New Bill for Generic Drugs
Written by Faith Anderson on April 19, 2012
Pliva v. Mensing Supreme Court Decision
A Supreme Court decision last year (Pliva v. Mensing) prohibited patients from suing generic drug firms because the court ruled that the companies had no control over what their labels said, and therefore couldn’t be held responsible for failing to warn patients about potential side effects. In contrast, an earlier Supreme Court decision made it legal for patients taking brand-name drugs to sue the drug manufacturers for injuries they sustained while taking the medications. Since the decision was made last year, dozens of judges have thrown out lawsuits filed by patients who claim they were harmed by generic drugs, even though many of these patients suffered the same injuries as patients who took the brand-name versions.
“The Mensing decision creates a troubling inconsistency in the law governing prescription drugs,” said Senator Patrick J. Leahy of Vermont, who sponsored the bill along with six other Democrats. “If a consumer takes the brand-name version of a drug, she can sue the manufacturer for inadequate warnings. If the pharmacy happens to give her the generic version, she will not be able to seek compensation for her injuries,” he said.

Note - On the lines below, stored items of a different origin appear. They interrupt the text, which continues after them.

(* Let $b\in\{0,1\}^d$ be a bitmap and let $q\in\mathbb{R}^d$ be the effective gradient associated with $b$. Then there exists a bitmap $\bar b\ge b$ such that $q$ equals the simple gradient associated with $\bar b$.
   Context: Jackson network with a tree topology on nodes $\{1,\dots,d\}$, root node $1$; $i\to j$ means node $j$ is a child of node $i$. Customers arrive from outside only at node $1$, with rate $\lambda>0$. For $i\to j$, $\mu_{i,j}>0$ is the rate at which node $i$ serves customers and sends them to node $j$; $\mu_{i,0}\ge 0$ is the rate at which node $i$ serves customers who then leave the system. Let $\mu_i=\sum_{k:i\to k}\mu_{i,k}+\mu_{i,0}>0$. Arrival rates: $\Lambda_1=\lambda$ and $\Lambda_j=\Lambda_i\mu_{i,j}/\mu_i$ if $i\to j$. Utilities $\rho_i=\Lambda_i/\mu_i$, assumed to satisfy $\max_i\rho_i<1$; also $\lambda+\sum_i\mu_i=1$. Let $\mu'_{i,0}=\Lambda_i\mu_{i,0}/\mu_i$. A bitmap $b\in\{0,1\}^d$ encodes which nodes are nonempty ($b(i)=1$) or empty ($b(i)=0$); $b'\ge b$ means $b'(i)\ge b(i)$ for all $i$. Effective rates (defined recursively from the leaves up): $M_i(b)=\mu_i$ if $b(i)=1$, and $M_i(b)=\min\big(\mu_i,\ \sum_{k:i\to k}M_k(b)+\mu'_{i,0}\big)$ if $b(i)=0$. The effective gradient of $b$ is $q\in\mathbb{R}^d$ with $q(i)=2\log(\Lambda_i/M_i(b))$. Simple rates: $m_i(b)=\mu_i$ if $b(i)=1$, and $m_i(b)=\sum_{k:i\to k}m_k(b)+\mu'_{i,0}$ if $b(i)=0$. The simple gradient of $b$ is $q$ with $q(i)=2\log(\Lambda_i/m_i(b))$. *)

theory Defs
  imports Complex_Main
begin

text \<open>Nodes are 1..d. E i j means i -> j (j is a child of i). The exit rate mu_{i,0}
  is mu i 0 (node indices are >= 1, so index 0 is free). Bitmaps are nat => bool
  (True = nonempty), only their values on 1..d matter.\<close>

definition rooted_tree :: "nat \<Rightarrow> (nat \<Rightarrow> nat \<Rightarrow> bool) \<Rightarrow> bool" where
  "rooted_tree d E \<longleftrightarrow> 1 \<le> d
     \<and> (\<forall>i j. E i j \<longrightarrow> i \<in> {1..d} \<and> j \<in> {1..d})
     \<and> (\<forall>i. \<not> E i 1)
     \<and> (\<forall>j\<in>{2..d}. \<exists>!i. E i j)
     \<and> (\<forall>j\<in>{1..d}. (1, j) \<in> {(i, k). E i k}\<^sup>*)"

definition children :: "nat \<Rightarrow> (nat \<Rightarrow> nat \<Rightarrow> bool) \<Rightarrow> nat \<Rightarrow> nat set" where
  "children d E i = {k \<in> {1..d}. E i k}"

definition mu_tot :: "nat \<Rightarrow> (nat \<Rightarrow> nat \<Rightarrow> bool) \<Rightarrow> (nat \<Rightarrow> nat \<Rightarrow> real) \<Rightarrow> nat \<Rightarrow> real" where
  "mu_tot d E mu i = (\<Sum>k\<in>children d E i. mu i k) + mu i 0"

definition mu_exit :: "nat \<Rightarrow> (nat \<Rightarrow> nat \<Rightarrow> bool) \<Rightarrow> (nat \<Rightarrow> nat \<Rightarrow> real) \<Rightarrow> (nat \<Rightarrow> real) \<Rightarrow> nat \<Rightarrow> real" where
  "mu_exit d E mu Lam i = Lam i * mu i 0 / mu_tot d E mu i"

text \<open>Recursion from the leaves up, implemented with a fuel parameter; with fuel d
  (>= height of the tree + 1) the base case is never reached on the tree.\<close>

fun effR :: "nat \<Rightarrow> (nat \<Rightarrow> nat \<Rightarrow> bool) \<Rightarrow> (nat \<Rightarrow> nat \<Rightarrow> real) \<Rightarrow> (nat \<Rightarrow> real)
              \<Rightarrow> (nat \<Rightarrow> bool) \<Rightarrow> nat \<Rightarrow> nat \<Rightarrow> real" where
  "effR d E mu Lam b 0 i = mu_tot d E mu i"
| "effR d E mu Lam b (Suc n) i =
     (if b i then mu_tot d E mu i
      else min (mu_tot d E mu i)
               ((\<Sum>k\<in>children d E i. effR d E mu Lam b n k) + mu_exit d E mu Lam i))"

fun simpR :: "nat \<Rightarrow> (nat \<Rightarrow> nat \<Rightarrow> bool) \<Rightarrow> (nat \<Rightarrow> nat \<Rightarrow> real) \<Rightarrow> (nat \<Rightarrow> real)
              \<Rightarrow> (nat \<Rightarrow> bool) \<Rightarrow> nat \<Rightarrow> nat \<Rightarrow> real" where
  "simpR d E mu Lam b 0 i = mu_tot d E mu i"
| "simpR d E mu Lam b (Suc n) i =
     (if b i then mu_tot d E mu i
      else (\<Sum>k\<in>children d E i. simpR d E mu Lam b n k) + mu_exit d E mu Lam i)"

definition eff_rate where "eff_rate d E mu Lam b i = effR d E mu Lam b d i"
definition simple_rate where "simple_rate d E mu Lam b i = simpR d E mu Lam b d i"

definition eff_grad :: "nat \<Rightarrow> (nat \<Rightarrow> nat \<Rightarrow> bool) \<Rightarrow> (nat \<Rightarrow> nat \<Rightarrow> real) \<Rightarrow> (nat \<Rightarrow> real)
              \<Rightarrow> (nat \<Rightarrow> bool) \<Rightarrow> nat \<Rightarrow> real" where
  "eff_grad d E mu Lam b i = 2 * ln (Lam i / eff_rate d E mu Lam b i)"

definition simple_grad :: "nat \<Rightarrow> (nat \<Rightarrow> nat \<Rightarrow> bool) \<Rightarrow> (nat \<Rightarrow> nat \<Rightarrow> real) \<Rightarrow> (nat \<Rightarrow> real)
              \<Rightarrow> (nat \<Rightarrow> bool) \<Rightarrow> nat \<Rightarrow> real" where
  "simple_grad d E mu Lam b i = 2 * ln (Lam i / simple_rate d E mu Lam b i)"

definition jackson_tree ::
  "nat \<Rightarrow> (nat \<Rightarrow> nat \<Rightarrow> bool) \<Rightarrow> real \<Rightarrow> (nat \<Rightarrow> nat \<Rightarrow> real) \<Rightarrow> (nat \<Rightarrow> real) \<Rightarrow> bool" where
  "jackson_tree d E lam mu Lam \<longleftrightarrow>
     rooted_tree d E \<and> lam > 0
     \<and> (\<forall>i j. E i j \<longrightarrow> mu i j > 0)
     \<and> (\<forall>i\<in>{1..d}. mu i 0 \<ge> 0 \<and> mu_tot d E mu i > 0)
     \<and> Lam 1 = lam
     \<and> (\<forall>i j. E i j \<longrightarrow> Lam j = Lam i * mu i j / mu_tot d E mu i)
     \<and> (\<forall>i\<in>{1..d}. Lam i / mu_tot d E mu i < 1)
     \<and> lam + (\<Sum>i\<in>{1..d}. mu_tot d E mu i) = 1"

end

theory Submission
  imports Defs
begin

(* Put bb i = b i or M_i(b) = mu_i ("saturate" every node whose effective
   rate is capped at its service rate).  At a node with bb i false, the minimum in the
   definition of M_i(b) is attained by the sum over the children, which is exactly the
   recursion for the simple rate m_i(bb); at a node with bb i true both rates equal mu_i.
   Hence m_i(bb) = M_i(b) for every node, by induction from the leaves up, and the two
   gradients coincide. *)

abbreviation edges :: "(nat \<Rightarrow> nat \<Rightarrow> bool) \<Rightarrow> (nat \<times> nat) set" where
  "edges E \<equiv> {(i, k). E i k}"

definition depth :: "(nat \<Rightarrow> nat \<Rightarrow> bool) \<Rightarrow> nat \<Rightarrow> nat" where
  "depth E j = (LEAST n. (1, j) \<in> edges E ^^ n)"

text \<open>Depth increases along every edge, because every non-root node has a unique parent
  and the root has none.\<close>
lemma depth_edge:
  assumes rt: "rooted_tree d E" and e: "E p j"
  shows "depth E p < depth E j"
proof -
  from rt e have "j \<in> {1..d}" and "j \<noteq> 1" unfolding rooted_tree_def by auto
  with rt have j: "j \<in> {2..d}" and j_reach: "(1, j) \<in> (edges E)\<^sup>*"
    unfolding rooted_tree_def by auto
  then obtain n where "(1, j) \<in> edges E ^^ n" using rtrancl_power by blast
  hence shortest: "(1, j) \<in> edges E ^^ depth E j" unfolding depth_def by (rule LeastI)
  have "depth E j \<noteq> 0" using shortest j by (cases "depth E j") auto
  then obtain m where m: "depth E j = Suc m" by (cases "depth E j") auto
  with shortest obtain p' where p': "(1, p') \<in> edges E ^^ m" "E p' j" by auto
  from rt j have "\<exists>!i. E i j" unfolding rooted_tree_def by auto
  with p' e have "p' = p" by auto
  with p' have "depth E p \<le> m" unfolding depth_def by (auto intro: Least_le)
  with m show ?thesis by simp
qed

lemma rooted_tree_acyclic:
  assumes rt: "rooted_tree d E"
  shows "(i, i) \<notin> (edges E)\<^sup>+"
proof
  assume "(i, i) \<in> (edges E)\<^sup>+"
  moreover have "(i, j) \<in> (edges E)\<^sup>+ \<Longrightarrow> depth E i < depth E j" for j
    by (induction rule: trancl_induct) (use depth_edge[OF rt] less_trans in blast)+
  ultimately show False by blast
qed

definition subtree :: "(nat \<Rightarrow> nat \<Rightarrow> bool) \<Rightarrow> nat \<Rightarrow> nat set" where
  "subtree E i = {j. (i, j) \<in> (edges E)\<^sup>*}"

lemma subtree_subset:
  assumes rt: "rooted_tree d E" and i: "i \<in> {1..d}"
  shows "subtree E i \<subseteq> {1..d}"
proof
  fix j assume "j \<in> subtree E i"
  hence "(i, j) \<in> (edges E)\<^sup>*" by (simp add: subtree_def)
  then show "j \<in> {1..d}"
    by (cases rule: rtranclE) (use rt i in \<open>auto simp: rooted_tree_def\<close>)
qed

lemma subtree_card_bounds:
  assumes rt: "rooted_tree d E" and i: "i \<in> {1..d}"
  shows "1 \<le> card (subtree E i)" and "card (subtree E i) \<le> d"
proof -
  have fin: "finite (subtree E i)" using subtree_subset[OF rt i] finite_subset by blast
  have "i \<in> subtree E i" by (simp add: subtree_def)
  with fin show "1 \<le> card (subtree E i)" by (auto simp: Suc_le_eq card_gt_0_iff)
  show "card (subtree E i) \<le> d" using card_mono[OF _ subtree_subset[OF rt i]] by simp
qed

lemma subtree_card_child:
  assumes rt: "rooted_tree d E" and e: "E i k"
  shows "card (subtree E k) < card (subtree E i)"
proof (rule psubset_card_mono)
  have i: "i \<in> {1..d}" using rt e by (simp add: rooted_tree_def)
  show "finite (subtree E i)" using subtree_subset[OF rt i] finite_subset by blast
  have "subtree E k \<subseteq> subtree E i"
    using e unfolding subtree_def by (auto intro: converse_rtrancl_into_rtrancl)
  moreover have "i \<in> subtree E i" by (simp add: subtree_def)
  moreover have "i \<notin> subtree E k"
    using rooted_tree_acyclic[OF rt, of i] e
    by (auto simp: subtree_def intro: rtrancl_into_trancl2)
  ultimately show "subtree E k \<subset> subtree E i" by blast
qed

lemma children_in_tree:
  "k \<in> children d E i \<Longrightarrow> k \<in> {1..d} \<and> E i k"
  by (simp add: children_def)

text \<open>The effective-rate recursion does not depend on the fuel once the fuel is at least
  the size of the subtree, so the fuel d used in the definition computes the true M_i.\<close>
lemma effR_fuel_stable:
  assumes rt: "rooted_tree d E" and i: "i \<in> {1..d}"
    and n: "card (subtree E i) \<le> n" and m: "card (subtree E i) \<le> m"
  shows "effR d E mu Lam b n i = effR d E mu Lam b m i"
  using i n m
proof (induction i arbitrary: n m rule: measure_induct_rule[of "\<lambda>i. card (subtree E i)"])
  case (less i)
  obtain n' m' where n': "n = Suc n'" and m': "m = Suc m'"
    using less.prems subtree_card_bounds(1)[OF rt less.prems(1)] by (cases n; cases m) auto
  have "effR d E mu Lam b n' k = effR d E mu Lam b m' k" if k: "k \<in> children d E i" for k
    using less.IH[of k] children_in_tree[OF k] subtree_card_child[OF rt] less.prems n' m'
    by fastforce
  then show ?case unfolding n' m' by (simp cong: sum.cong)
qed

lemma effR_eq_eff_rate:
  assumes rt: "rooted_tree d E" and i: "i \<in> {1..d}" and n: "card (subtree E i) \<le> n"
  shows "effR d E mu Lam b n i = eff_rate d E mu Lam b i"
  unfolding eff_rate_def
  using effR_fuel_stable[OF rt i n] subtree_card_bounds(2)[OF rt i] by blast

definition saturation ::
  "nat \<Rightarrow> (nat \<Rightarrow> nat \<Rightarrow> bool) \<Rightarrow> (nat \<Rightarrow> nat \<Rightarrow> real) \<Rightarrow> (nat \<Rightarrow> real) \<Rightarrow> (nat \<Rightarrow> bool)
     \<Rightarrow> nat \<Rightarrow> bool" where
  "saturation d E mu Lam b i \<longleftrightarrow> b i \<or> eff_rate d E mu Lam b i = mu_tot d E mu i"

lemma eff_rate_unsaturated:
  assumes rt: "rooted_tree d E" and i: "i \<in> {1..d}"
    and unsat: "\<not> saturation d E mu Lam b i"
  shows "eff_rate d E mu Lam b i
           = (\<Sum>k\<in>children d E i. eff_rate d E mu Lam b k) + mu_exit d E mu Lam i"
proof -
  obtain d' where d': "d = Suc d'" using i by (cases d) auto
  have "effR d E mu Lam b d' k = eff_rate d E mu Lam b k" if k: "k \<in> children d E i" for k
    using effR_eq_eff_rate[OF rt] children_in_tree[OF k] subtree_card_child[OF rt]
      subtree_card_bounds(2)[OF rt i] d' by fastforce
  moreover have "eff_rate d E mu Lam b i
      = (\<Sum>k\<in>children d E i. effR d E mu Lam b d' k) + mu_exit d E mu Lam i"
    using unsat unfolding saturation_def eff_rate_def d' by (auto simp: min_def)
  ultimately show ?thesis by (simp cong: sum.cong)
qed

lemma simpR_saturation:
  assumes rt: "rooted_tree d E" and i: "i \<in> {1..d}" and n: "card (subtree E i) \<le> n"
  shows "simpR d E mu Lam (saturation d E mu Lam b) n i = eff_rate d E mu Lam b i"
  using i n
proof (induction i arbitrary: n rule: measure_induct_rule[of "\<lambda>i. card (subtree E i)"])
  case (less i)
  let ?bb = "saturation d E mu Lam b"
  obtain n' where n': "n = Suc n'"
    using less.prems subtree_card_bounds(1)[OF rt less.prems(1)] by (cases n) auto
  show ?case
  proof (cases "?bb i")
    case True
    obtain d' where "d = Suc d'" using less.prems(1) by (cases d) auto
    with True show ?thesis
      unfolding n' by (auto simp: saturation_def eff_rate_def)
  next
    case False
    have "simpR d E mu Lam ?bb n' k = eff_rate d E mu Lam b k" if k: "k \<in> children d E i" for k
      using less.IH[of k] children_in_tree[OF k] subtree_card_child[OF rt] less.prems n'
      by fastforce
    then show ?thesis
      using eff_rate_unsaturated[OF rt less.prems(1) False] False
      unfolding n' by (simp cong: sum.cong)
  qed
qed

theorem mainTheorem1:
  fixes d :: nat and E :: "nat \<Rightarrow> nat \<Rightarrow> bool" and lam :: real
    and mu :: "nat \<Rightarrow> nat \<Rightarrow> real" and Lam :: "nat \<Rightarrow> real" and b :: "nat \<Rightarrow> bool"
  assumes "jackson_tree d E lam mu Lam"
  shows "\<exists>bb :: nat \<Rightarrow> bool. (\<forall>i\<in>{1..d}. b i \<longrightarrow> bb i)
           \<and> (\<forall>i\<in>{1..d}. eff_grad d E mu Lam b i = simple_grad d E mu Lam bb i)"
proof (intro exI conjI ballI impI)
  have rt: "rooted_tree d E" using assms by (simp add: jackson_tree_def)
  let ?bb = "saturation d E mu Lam b"
  fix i assume i: "i \<in> {1..d}"
  show "b i \<Longrightarrow> ?bb i" by (simp add: saturation_def)
  have "simple_rate d E mu Lam ?bb i = eff_rate d E mu Lam b i"
    unfolding simple_rate_def
    using simpR_saturation[OF rt i] subtree_card_bounds(2)[OF rt i] by blast
  then show "eff_grad d E mu Lam b i = simple_grad d E mu Lam ?bb i"
    by (simp add: eff_grad_def simple_grad_def)
qed

end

Generic Drug Firms Oppose Bill
Generic drug companies have opposed bills such as these, because they say it would create a situation in which different drug companies could publish conflicting warning information about the same medications. Under the current law, only brand-name drug companies can update the drug warning labels, and generic manufacturers are then required to follow suit. “Federal law requiring that generic medicines have the identical label as the corresponding brand products has provided American consumers the confidence to trust in generics for 80% of their prescription needs,” said Ralph G. Neas, president and chief executive of the Generic Pharmaceutical Association. “This misguided legislation, introduced by Senator Leahy, would disrupt this confidence and unduly burden physicians who would have to be aware of multiple labels for the same product.”